* **DATA SECTION**
lemma differentiable_upto_cross3:
  assumes "open S"
  shows "differentiable_upto n S F \<Longrightarrow> differentiable_upto n S G \<Longrightarrow>
           differentiable_upto n S (\<lambda>w. cross3 (F w) (G w))"
proof (induction n arbitrary: F G)
  case 0
  then show ?case using partials_cross3(3) by (simp add: differentiable_upto_0)
next
  case (Suc n)
  have F: "\<forall>z\<in>S. F differentiable (at z)" "differentiable_upto n S F"
      "differentiable_upto n S (pdx F)" "differentiable_upto n S (pdy F)"
    using Suc.prems(1) differentiable_upto_mono[OF Suc.prems(1), of n]
    unfolding differentiable_upto_Suc by simp_all
  have G: "\<forall>z\<in>S. G differentiable (at z)" "differentiable_upto n S G"
      "differentiable_upto n S (pdx G)" "differentiable_upto n S (pdy G)"
    using Suc.prems(2) differentiable_upto_mono[OF Suc.prems(2), of n]
    unfolding differentiable_upto_Suc by simp_all
  have dx: "differentiable_upto n S (\<lambda>w. cross3 (F w) (pdx G w) + cross3 (pdx F w) (G w))"
    and dy: "differentiable_upto n S (\<lambda>w. cross3 (F w) (pdy G w) + cross3 (pdy F w) (G w))"
    by (intro differentiable_upto_add[OF assms] Suc.IH F(2-4) G(2-4))+
  have
    "cross3 (F w) (pdx G w) + cross3 (pdx F w) (G w) = pdx (\<lambda>w. cross3 (F w) (G w)) w"
    "cross3 (F w) (pdy G w) + cross3 (pdy F w) (G w) = pdy (\<lambda>w. cross3 (F w) (G w)) w"
    if "w \<in> S" for w
    using F(1) G(1) that by (simp_all add: partials_cross3)
  then have "differentiable_upto n S (pdx (\<lambda>w. cross3 (F w) (G w)))"
    and "differentiable_upto n S (pdy (\<lambda>w. cross3 (F w) (G w)))"
    by (simp_all add: differentiable_upto_cong_open[OF assms _ dx]
        differentiable_upto_cong_open[OF assms _ dy])
  with F(1) G(1) show ?case
    unfolding differentiable_upto_Suc by (simp add: partials_cross3(3))
qed

lemma smooth_map_on_add_scaleR:
  assumes "open S" "smooth_map_on S F" "smooth_map_on S G"
  shows "smooth_map_on S (\<lambda>w. F w + c *\<^sub>R G w)"
  using assms(2,3) differentiable_upto_add_scaleR[OF assms(1)]
  unfolding smooth_map_on_iff_differentiable_upto by blast

lemma smooth_map_on_subset: "smooth_map_on S F \<Longrightarrow> T \<subseteq> S \<Longrightarrow> smooth_map_on T F"
  unfolding smooth_map_on_def by blast

lemma smooth_map_on_differentiable:
  assumes "smooth_map_on S F" "z \<in> S"
  shows "F differentiable (at z)" "pdx F differentiable (at z)" "pdy F differentiable (at z)"
proof -
  have "ipd bs F differentiable (at z)" for bs
    using assms unfolding smooth_map_on_def by blast
  from this[of "[]"] this[of "[True]"] this[of "[False]"]
  show "F differentiable (at z)" "pdx F differentiable (at z)" "pdy F differentiable (at z)"
    by simp_all
qed

lemma parallel_tangent_frame:
  fixes \<nu> a b gx gy :: "real^3" and s :: real
  assumes \<nu>: "\<nu> \<bullet> \<nu> = 1" "\<nu> \<bullet> a = 0" "\<nu> \<bullet> b = 0" and s: "s * s = 1"
    and gx: "gx = cross3 \<nu> b + s *\<^sub>R a" and gy: "gy = - cross3 \<nu> a + s *\<^sub>R b"
  shows "\<nu> \<bullet> gx = 0" "\<nu> \<bullet> gy = 0" "gx \<bullet> gy = 0" "gy \<bullet> gy = gx \<bullet> gx"
    and "cross3 gx gy = - (s * (gx \<bullet> gx)) *\<^sub>R \<nu>"
    and "a \<bullet> gx + b \<bullet> gy = s * (gx \<bullet> gx)"
proof -
  show \<nu>gx: "\<nu> \<bullet> gx = 0" using \<nu> by (simp add: gx inner_add_right dot_cross_self)
  show "\<nu> \<bullet> gy = 0" using \<nu> by (simp add: gy inner_add_right inner_diff_right dot_cross_self)
  have \<nu>_cross_gx: "cross3 \<nu> gx = - b + s *\<^sub>R cross3 \<nu> a"
    using \<nu> by (simp add: gx cross_add_right cross_mult_right Lagrange)
  have "- s *\<^sub>R cross3 \<nu> gx = s *\<^sub>R b - (s * s) *\<^sub>R cross3 \<nu> a"
    unfolding \<nu>_cross_gx by (simp add: algebra_simps)
  then have gy_rot: "gy = - s *\<^sub>R cross3 \<nu> gx"
    using s by (simp add: gy)
  show "gx \<bullet> gy = 0" unfolding gy_rot by (simp add: dot_cross_self)
  have norm_cross: "(norm (cross3 \<nu> x))\<^sup>2 = x \<bullet> x" if "\<nu> \<bullet> x = 0" for x
    using norm_cross_dot[of \<nu> x] that \<nu> by (simp add: power2_norm_eq_inner power_mult_distrib)
  show "gy \<bullet> gy = gx \<bullet> gx"
    unfolding gy_rot using norm_cross[OF \<nu>gx] s by (simp add: power2_norm_eq_inner algebra_simps)
  show "cross3 gx gy = - (s * (gx \<bullet> gx)) *\<^sub>R \<nu>"
    unfolding gy_rot using \<nu>gx by (simp add: cross_mult_right Lagrange inner_commute)
  define T where "T = a \<bullet> cross3 \<nu> b"
  have "(norm (cross3 \<nu> b))\<^sup>2 = b \<bullet> b" using norm_cross \<nu> by simp
  then have "gx \<bullet> gx = b \<bullet> b + 2 * s * T + a \<bullet> a"
    unfolding gx T_def using s
    by (simp add: inner_add_left inner_add_right power2_norm_eq_inner inner_commute algebra_simps)
  moreover have "b \<bullet> cross3 \<nu> a = - T"
    unfolding T_def by (simp add: cross3_simps)
  then have "a \<bullet> gx + b \<bullet> gy = 2 * T + s * (a \<bullet> a + b \<bullet> b)"
    unfolding gx gy T_def by (simp add: inner_add_right algebra_simps)
  ultimately show "a \<bullet> gx + b \<bullet> gy = s * (gx \<bullet> gx)"
    using s by (simp add: algebra_simps)
qed

lemma exists_sign_cross3_add_nonzero:
  fixes \<nu> a b :: "real^3"
  assumes "\<nu> \<bullet> \<nu> = 1" "\<nu> \<bullet> b = 0" "a \<noteq> 0 \<or> b \<noteq> 0"
  obtains s :: real where "s * s = 1" "cross3 \<nu> b + s *\<^sub>R a \<noteq> 0"
proof (rule ccontr)
  assume "\<not> thesis"
  with that[of 1] that[of "-1"] have plus: "cross3 \<nu> b + a = 0" and minus: "cross3 \<nu> b - a = 0"
    by auto
  have "2 *\<^sub>R a = (cross3 \<nu> b + a) - (cross3 \<nu> b - a)" by (simp add: scaleR_2)
  then have "a = 0" using plus minus by simp
  moreover from plus \<open>a = 0\<close> have "cross3 \<nu> (cross3 \<nu> b) = 0" by simp
  then have "b = 0" using assms(1,2) by (simp add: Lagrange)
  ultimately show False using assms(3) by simp
qed

lemma mean_curvature_conformal:
  assumes "pdx g z \<bullet> pdy g z = 0" "pdy g z \<bullet> pdy g z = pdx g z \<bullet> pdx g z" "pdx g z \<noteq> 0"
  shows "mean_curvature g N z =
           (N z \<bullet> pdx (pdx g) z + N z \<bullet> pdy (pdy g) z) / (2 * (pdx g z \<bullet> pdx g z))"
proof -
  have "pdx g z \<bullet> pdx g z \<noteq> 0" using assms(3) by simp
  then show ?thesis
    using assms(1,2) unfolding mean_curvature_def Let_def
    by (simp add: power2_eq_square divide_simps) (simp add: algebra_simps)
qed

lemma second_fundamental_form_diagonal:
  assumes "open S" "z \<in> S" "\<And>w. w \<in> S \<Longrightarrow> N w \<bullet> pdx g w = 0 \<and> N w \<bullet> pdy g w = 0"
    and "N differentiable (at z)" "pdx g differentiable (at z)" "pdy g differentiable (at z)"
  shows "N z \<bullet> pdx (pdx g) z = - (pdx N z \<bullet> pdx g z)"
    and "N z \<bullet> pdy (pdy g) z = - (pdy N z \<bullet> pdy g z)"
proof -
  have "N w \<bullet> pdx g w = 0" "N w \<bullet> pdy g w = 0" if "w \<in> S" for w
    using assms(3)[OF that] by simp_all
  from partials_inner_const(1)[OF assms(1,2) this(1) assms(4,5)]
    partials_inner_const(2)[OF assms(1,2) this(2) assms(4,6)]
  show "N z \<bullet> pdx (pdx g) z = - (pdx N z \<bullet> pdx g z)"
    and "N z \<bullet> pdy (pdy g) z = - (pdy N z \<bullet> pdy g z)"
    by (simp_all add: eq_neg_iff_add_eq_0 add.commute)
qed

lemma mean_curvature_conformal_normal:
  assumes "open S" "z \<in> S" "\<And>w. w \<in> S \<Longrightarrow> N w \<bullet> pdx g w = 0 \<and> N w \<bullet> pdy g w = 0"
    and "N differentiable (at z)" "pdx g differentiable (at z)" "pdy g differentiable (at z)"
    and "pdx g z \<bullet> pdy g z = 0" "pdy g z \<bullet> pdy g z = pdx g z \<bullet> pdx g z" "pdx g z \<noteq> 0"
  shows "mean_curvature g N z =
           - (pdx N z \<bullet> pdx g z + pdy N z \<bullet> pdy g z) / (2 * (pdx g z \<bullet> pdx g z))"
proof -
  have "mean_curvature g N z =
          (N z \<bullet> pdx (pdx g) z + N z \<bullet> pdy (pdy g) z) / (2 * (pdx g z \<bullet> pdx g z))"
    by (rule mean_curvature_conformal[OF assms(7-9)])
  also have "\<dots> = - (pdx N z \<bullet> pdx g z + pdy N z \<bullet> pdy g z) / (2 * (pdx g z \<bullet> pdx g z))"
    using second_fundamental_form_diagonal[OF assms(1-6)] by (simp add: minus_add_distrib)
  finally show ?thesis .
qed
lemma gram_sqrt_bounds:
  fixes S Si M Mi :: "complex^'n^'n"
  assumes S: "psd S" "S ** S = M ** cadj M" "S ** Si = mat 1"
    and M: "M ** Mi = mat 1" and "0 \<le> l" and Mi_le: "\<And>v. norm (Mi *v v) \<le> l * norm v"
  shows "quad Si f \<le> l * (norm f)\<^sup>2" and "(norm x)\<^sup>2 \<le> l * quad S x"
proof -
  have "Si ** S = mat 1" using S(3) by (simp add: matrix_left_right_inverse)
  have "Si ** Si = cadj Mi ** Mi"
  proof (rule matrix_inverse_unique)
    show "Si ** Si ** (M ** cadj M) = mat 1"
      by (simp add: S(2)[symmetric] matrix_mul_assoc) (simp add: matrix_mul_assoc[symmetric] S(3) \<open>Si ** S = mat 1\<close>)
    have "cadj M ** cadj Mi = mat 1"
      using M by (simp add: matrix_left_right_inverse cadj_inverse)
    then show "M ** cadj M ** (cadj Mi ** Mi) = mat 1"
      by (simp add: matrix_mul_assoc) (simp add: matrix_mul_assoc[symmetric] M)
  qed
  then have "(norm (Si *v f))\<^sup>2 = (norm (Mi *v f))\<^sup>2" for f
    by (simp add: Re_cinner_self[symmetric] cinner_matrix_left hermitian_cinner matrix_vector_mul_assoc
        psd_hermitian[OF psd_inverse[OF S(1,3)], unfolded hermitian_def])
  then have "norm (Si *v f) \<le> l * norm f" for f
    using Mi_le[of f] by simp
  then have Si_le: "quad Si f \<le> l * (norm f)\<^sup>2" for f
    using quad_le_norm_mult_norm[of Si f] mult_left_mono[OF _ norm_ge_zero, of "norm (Si *v f)" "l * norm f" f]
    by (simp add: power2_eq_square mult_ac)
  then show "quad Si f \<le> l * (norm f)\<^sup>2" .
  have "(norm x)\<^sup>2 \<le> sqrt (quad S x) * sqrt (quad Si x)"
    using cauchy_schwarz_inverse[OF S(1,3), of x x] by (simp add: Re_cinner_self)
  also have "\<dots> \<le> sqrt (quad S x) * sqrt (l * (norm x)\<^sup>2)"
    by (intro mult_left_mono real_sqrt_le_mono Si_le) (simp add: psd_quad_nonneg[OF S(1)])
  also have "\<dots> = sqrt (l * quad S x) * norm x"
    using \<open>0 \<le> l\<close> by (simp add: real_sqrt_mult mult_ac)
  finally show "(norm x)\<^sup>2 \<le> l * quad S x"
    by (rule square_le_of_square_le_sqrt_mult[rotated]) (simp add: \<open>0 \<le> l\<close> psd_quad_nonneg[OF S(1)])
qed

* **TASK TO COMPLETE**
Copy out only the lines above from the one with "by (simp add: power2_eq_square mult_ac)" to the one with "using \<open>0 \<le>", inclusive, exactly as they stand.

* **TASK ANSWER**
    by (simp add: power2_eq_square mult_ac)
  then show "quad Si f \<le> l * (norm f)\<^sup>2" .
  have "(norm x)\<^sup>2 \<le> sqrt (quad S x) * sqrt (quad Si x)"
    using cauchy_schwarz_inverse[OF S(1,3), of x x] by (simp add: Re_cinner_self)
  also have "\<dots> \<le> sqrt (quad S x) * sqrt (l * (norm x)\<^sup>2)"
    by (intro mult_left_mono real_sqrt_le_mono Si_le) (simp add: psd_quad_nonneg[OF S(1)])
  also have "\<dots> = sqrt (l * quad S x) * norm x"
    using \<open>0 \<le> l\<close> by (simp add: real_sqrt_mult mult_ac)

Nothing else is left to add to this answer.